For the Alberta Ballet’s director-choreographer, the season’s productions are cautionary tales in a time of doubt and confusion. “We’re all lost, we’re afraid, and we see humanity disappearing everyday,” Mr. Grand-Maître told The Globe and Mail. “Atwood and Shakespeare and the Tragically Hip’s Gord Downie all warned us that if we don’t remember who we are, then we don’t have a chance.”
The Bowie-inspired Phi – named after the “golden ratio” found in mathematics, nature, art and architecture – will be Mr. Grand-Maître’s last pop ballet creation for Alberta Ballet before he steps down as the company’s director, a position he has held since 2002. After sharing the directorship with current director-designate Christopher Anderson during the 2021-22 season, he will become the company’s artist in residence.
“Twenty years is a long time to be an artistic director,” Mr. Grand-Maître said about his decision to step down. “I lost my passion for the fundraising and administration and governance.”
The Bowie ballet, which tells the story of a boy addicted to virtual reality and the digital aesthetic, has been two years in the making. The Bowie estate stipulated that the creation not be autobiographical. Mr. Grand-Maître’s first script was turned down because its story was too aligned with Mr. Bowie’s Ziggy Stardust character. A second script was nixed because of perceived similarities with the 1976 sci-fi film The Man Who Fell to Earth, which starred Mr. Bowie as the titular visitor. The third proposed script, about the displacement of humanity by technology, finally appealed to the late Mr. Bowie’s representatives.
Even getting through to the Bowie estate in the first place took some luck. Mr. Grand-Maître had Alberta native Beau Nelson, a successful Hollywood makeup artist, send a proposal to a client of his, Mr. Bowie’s widow, Iman. From there, according to Mr. Grand-Maître, the pitch went “straight to the top of the list.”
The song list for Phi will be light on Bowie hits (Ashes to Ashes and the near unavoidable Heroes), and long on album cuts such as Warszawa and Leon Takes Us Outside, as well as the artist’s exquisite sci-fi jazz single from 2015, Blackstar.
Asked how difficult it was to avoid calling his Bowie ballet Let’s Dance, after the hit song from 1982, Mr. Grand-Maître laughed off the suggestion.

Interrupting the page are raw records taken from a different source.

(* Let $\mathcal{G}=(\mathcal{V},\mathcal{E})$ be a square lattice with open boundary conditions and one smooth defect. Concretely, take a finite rectangular grid graph and remove a square block of plaquettes lying in its interior: delete the vertices and edges strictly inside the block and keep the cycle of edges that bounds it. All edges carry the same positive weight, and $T=\emptyset$. Let $\Gamma\subseteq\mathcal{E}$ be the set of edges crossed by a path on the dual lattice that connects the defect (the face formed by the removed block) to the external boundary (the outer face). Let $E,E'\subseteq\mathcal{E}$ be any two uncorrectable chains. Then there is a sequence of chains $E=E_0,E_1,\ldots,E_k=E'$ such that each $E_{i+1}$ is obtained from $E_i$ by adding or removing a single edge (i.e. $|E_i\oplus E_{i+1}|=1$), and every $E_i$ is uncorrectable.
   Context: A chain is a subset of edges. Its boundary $\partial E$ is the set of vertices incident to an odd number of edges of $E$. The symbol $\oplus$ denotes symmetric difference. Given edge weights $\phi(e)$, the weight of a chain is $\phi(E)=\sum_{e\in E}\phi(e)$. $\mathcal{C}_{min}(S,T)$ is the set of minimum-weight chains $R$ with $(\partial R)\setminus T=S$; here $T=\emptyset$. The parity of a chain is $\epsilon(E)=|E\cap\Gamma|\bmod 2$. An error chain $E$ with syndrome $S=(\partial E)\setminus T$ is correctable iff $\epsilon(R)=\epsilon(E)$ for all $R\in\mathcal{C}_{min}(S,T)$, and uncorrectable otherwise. *)

theory Defs
  imports Complex_Main
begin

type_synonym vtx = "int \<times> int"
type_synonym edge = "vtx set"

definition bd :: "edge set \<Rightarrow> vtx set" where
  "bd E = {v. odd (card {e \<in> E. v \<in> e})}"

definition symdiff :: "'a set \<Rightarrow> 'a set \<Rightarrow> 'a set" where
  "symdiff A B = (A - B) \<union> (B - A)"

definition chain_weight :: "(edge \<Rightarrow> real) \<Rightarrow> edge set \<Rightarrow> real" where
  "chain_weight \<phi> E = (\<Sum>e\<in>E. \<phi> e)"

definition Cmin :: "edge set \<Rightarrow> (edge \<Rightarrow> real) \<Rightarrow> vtx set \<Rightarrow> vtx set \<Rightarrow> edge set set" where
  "Cmin Ed \<phi> S T = {R. R \<subseteq> Ed \<and> bd R - T = S \<and>
      (\<forall>R'. R' \<subseteq> Ed \<and> bd R' - T = S \<longrightarrow> chain_weight \<phi> R \<le> chain_weight \<phi> R')}"

definition parity :: "edge set \<Rightarrow> edge set \<Rightarrow> nat" where
  "parity \<Gamma> E = card (E \<inter> \<Gamma>) mod 2"

definition correctable :: "edge set \<Rightarrow> (edge \<Rightarrow> real) \<Rightarrow> vtx set \<Rightarrow> edge set \<Rightarrow> edge set \<Rightarrow> bool" where
  "correctable Ed \<phi> T \<Gamma> E = (\<forall>R \<in> Cmin Ed \<phi> (bd E - T) T. parity \<Gamma> R = parity \<Gamma> E)"
lemma lift_rtranclp_mg_adj:
  fixes V :: "'v set" and R :: "'v set set"
  defines "c \<equiv> component V R"
  assumes graph: "\<forall>f\<in>E. f \<subseteq> V \<and> card f = 2" and "T \<subseteq> E"
    and "(mg_adj T ((`) c))\<^sup>*\<^sup>* C D" "x \<in> V" "c x = C" "y \<in> V" "c y = D"
  shows "(mg_adj (T \<union> R) id)\<^sup>*\<^sup>* x y"
  using assms(4,7,8)
proof (induction arbitrary: y rule: rtranclp_induct)
  case base
  then have "(mg_adj R id)\<^sup>*\<^sup>* x y"
    using assms(6) unfolding c_def by (metis rtranclp_if_component_eq)
  then show ?case by (rule mg_adj_rtranclp_mono[rotated]) blast
next
  case (step D' D)
  obtain f where f: "f \<in> T" "c ` f = {D', D}" using step.hyps(2) unfolding mg_adj_def by blast
  obtain a b where ab: "f = {a, b}" "a \<in> V" "b \<in> V"
    using graph f(1) \<open>T \<subseteq> E\<close> by (metis card_2_iff insert_subset subsetD)
  then have "{c a, c b} = {D', D}" using f(2) by simp
  then have "c a = D' \<and> c b = D \<or> c a = D \<and> c b = D'" by (simp only: doubleton_eq_iff)
  moreover have "f = {b, a}" using ab(1) by (simp only: insert_commute)
  ultimately obtain a' b' where ab': "f = {a', b'}" "a' \<in> V" "b' \<in> V" "c a' = D'" "c b' = D"
    using ab by blast
  have "(mg_adj (T \<union> R) id)\<^sup>*\<^sup>* x a'" using step.IH ab' by blast
  moreover have "mg_adj (T \<union> R) id a' b'" using f(1) ab' unfolding mg_adj_def by auto
  moreover have "(mg_adj R id)\<^sup>*\<^sup>* b' y"
    using step.prems ab' unfolding c_def by (metis rtranclp_if_component_eq)
  then have "(mg_adj (T \<union> R) id)\<^sup>*\<^sup>* b' y" by (rule mg_adj_rtranclp_mono[rotated]) blast
  ultimately show ?case by (meson rtranclp.rtrancl_into_rtrancl rtranclp_trans)
qed

lemma mg_acyclic_Un_contracted:
  fixes V :: "'v set" and E S :: "'v set set"
  defines "c \<equiv> component V (E - S)"
  assumes "S \<subseteq> E" "T \<subseteq> crossing_edges c S" "mg_acyclic T ((`) c)"
    and "D \<subseteq> E - S" "mg_acyclic D id"
  shows "mg_acyclic (T \<union> D) id"
  unfolding mg_acyclic_def
proof
  assume "\<exists>vs es. mg_is_cycle (T \<union> D) id vs es"
  then obtain vs es where cyc: "mg_is_cycle (T \<union> D) id vs es" by blast
  show False
  proof (cases "set es \<subseteq> D")
    case True
    then show False
      using mg_is_cycle_edges_subset[OF cyc] assms(6) unfolding mg_acyclic_def by blast
  next
    case False
    then obtain j where j: "j < length es" "es ! j \<notin> D" by (metis in_set_conv_nth subsetI)
    define f where "f = es ! j"
    have "set es \<subseteq> T \<union> D" using cyc unfolding mg_is_cycle_def by (elim conjE) assumption
    then have fT: "f \<in> T" using j nth_mem[OF j(1)] unfolding f_def by blast
    obtain a b where ab: "a \<noteq> b" "f = {a, b}" and path: "(mg_adj (T \<union> D - {f}) id)\<^sup>*\<^sup>* a b"
      using mg_is_cycle_bypass[OF cyc j(1)] unfolding f_def by auto
    have "T \<union> D - {f} \<subseteq> E" using assms(2,3,5) crossing_edges_subset by blast
    then have "(mg_adj ((T \<union> D - {f}) \<inter> crossing_edges c S) ((`) c))\<^sup>*\<^sup>* (c a) (c b)"
      using path unfolding c_def by (rule contract_rtranclp_mg_adj)
    moreover have "(T \<union> D - {f}) \<inter> crossing_edges c S = T - {f}"
      using assms(3,5) crossing_edges_subset by blast
    moreover have "c a \<noteq> c b" using fT assms(3) ab unfolding crossing_edges_def by blast
    moreover have "c ` f = {c a, c b}" using ab(2) by simp
    ultimately have "\<not> mg_acyclic T ((`) c)" using fT by (intro not_mg_acyclic_if_bypass) simp_all
    then show False using assms(4) by contradiction
  qed
qed

lemma dep_set_mono: "X \<subseteq> Y \<Longrightarrow> dep_set A X \<subseteq> dep_set A Y"
  by (auto simp: dep_set_def)

lemma lu_satisfies_card_dep_iff:
  assumes "\<forall>x\<in>F. l x = card (dep A x) \<and> u x = card (dep A x)" "\<forall>x\<in>F. finite (dep A x)"
  shows "lu_satisfies l u A F \<longleftrightarrow> dep_set A F \<subseteq> F"
proof -
  have "card (dep A x) \<le> card (dep A x \<inter> F) \<longleftrightarrow> dep A x \<subseteq> F" if "finite (dep A x)" for x
    using that card_seteq[OF that, of "dep A x \<inter> F"] by (auto simp: Int_absorb2)
  moreover have "card (dep A x \<inter> F) \<le> card (dep A x)" if "finite (dep A x)" for x
    using that by (simp add: card_mono)
  ultimately show ?thesis using assms unfolding lu_satisfies_def dep_set_def by auto
qed

lemma dep_closed_spanning_tree_if_contracted_tree:
  fixes V :: "'v set" and E S :: "'v set set"
  defines "c \<equiv> component V (E - S)"
  assumes "finite E" and graph: "\<forall>f\<in>E. f \<subseteq> V \<and> card f = 2" and "S \<subseteq> E"
    and arcs: "A \<subseteq> (E - S) \<times> S"
    and T: "mg_spanning_tree (c ` V) (crossing_edges c S) ((`) c) T"
    and dep_acyclic: "mg_acyclic (dep_set A T) id"
  shows "\<exists>F. mg_spanning_tree V E id F \<and> dep_set A F \<subseteq> F"
proof -
  have T_crossing: "T \<subseteq> crossing_edges c S" and T_conn: "mg_connected (c ` V) T ((`) c)"
    and T_acyclic: "mg_acyclic T ((`) c)"
    using T unfolding mg_spanning_tree_def by auto
  have TE: "T \<subseteq> E" using T_crossing crossing_edges_subset \<open>S \<subseteq> E\<close> by blast
  have dep_T: "dep_set A T \<subseteq> E - S" using arcs by (auto simp: dep_set_def dep_def)
  have F0_acyclic: "mg_acyclic (T \<union> dep_set A T) id"
    using \<open>S \<subseteq> E\<close> T_crossing T_acyclic dep_T dep_acyclic unfolding c_def
    by (rule mg_acyclic_Un_contracted)
  have conn: "mg_connected V (T \<union> (E - S)) id"
    unfolding mg_connected_def
  proof (intro ballI)
    fix x y assume "x \<in> V" "y \<in> V"
    then have "(mg_adj T ((`) c))\<^sup>*\<^sup>* (c x) (c y)" using T_conn unfolding mg_connected_def by blast
    then show "(mg_adj (T \<union> (E - S)) id)\<^sup>*\<^sup>* x y"
      unfolding c_def
      by (rule lift_rtranclp_mg_adj[OF graph TE _ \<open>x \<in> V\<close> refl \<open>y \<in> V\<close> refl])
  qed
  have "finite (T \<union> (E - S))" using \<open>finite E\<close> TE by (simp add: finite_subset)
  moreover have "T \<union> dep_set A T \<subseteq> T \<union> (E - S)" using dep_T by blast
  ultimately obtain F where F0: "T \<union> dep_set A T \<subseteq> F"
    and F: "mg_spanning_tree V (T \<union> (E - S)) id F"
    using mg_acyclic_extends_to_spanning_tree[OF _ conn _ F0_acyclic] by blast
  have "dep A x \<subseteq> F" if "x \<in> F" for x
  proof (cases "x \<in> S")
    case True
    then have "x \<in> T" using that F unfolding mg_spanning_tree_def by blast
    then show ?thesis using F0 by (auto simp: dep_set_def)
  next
    case False
    then show ?thesis using arcs by (auto simp: dep_def)
  qed
  then have "dep_set A F \<subseteq> F" by (auto simp: dep_set_def)
  moreover have "mg_spanning_tree V E id F" using F TE unfolding mg_spanning_tree_def by blast
  ultimately show ?thesis by blast
qed

lemma contracted_tree_if_dep_closed_spanning_tree:
  fixes V :: "'v set" and E S :: "'v set set"
  defines "c \<equiv> component V (E - S)"
  assumes "finite E" and F: "mg_spanning_tree V E id F" and closed: "dep_set A F \<subseteq> F"
  shows "\<exists>J\<subseteq>F \<inter> crossing_edges c S.
           mg_spanning_tree (c ` V) (crossing_edges c S) ((`) c) J \<and> mg_acyclic (dep_set A J) id"
proof -
  have FE: "F \<subseteq> E" and F_conn: "mg_connected V F id" and F_acyclic: "mg_acyclic F id"
    using F unfolding mg_spanning_tree_def by auto
  have "mg_connected (c ` V) (F \<inter> crossing_edges c S) ((`) c)"
    using FE F_conn unfolding mg_connected_def c_def by (blast intro: contract_rtranclp_mg_adj)
  moreover have "finite (F \<inter> crossing_edges c S)" using \<open>finite E\<close> FE by (simp add: finite_subset)
  ultimately obtain J where J: "mg_spanning_tree (c ` V) (F \<inter> crossing_edges c S) ((`) c) J"
    using mg_acyclic_extends_to_spanning_tree[OF _ _ empty_subsetI mg_acyclic_empty] by blast
  then have "J \<subseteq> F" unfolding mg_spanning_tree_def by blast
  then have "mg_acyclic (dep_set A J) id"
    using dep_set_mono[of J F] closed F_acyclic by (blast intro: mg_acyclic_subset)
  then show ?thesis using J unfolding mg_spanning_tree_def by blast
qed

“It wasn’t hard at all,” said the Order of Canada recipient who called his k.d. lang ballet Balletlujah!. “Listen, it’s easy enough to get the rights to music by Elton John and set a dance to Crocodile Rock. People are familiar with the lyrics; it’s the music they’ve listened to their whole lives. But it’s up to us to make something challenging out of it, and to create an environment on stage where we’re in a surreal world.”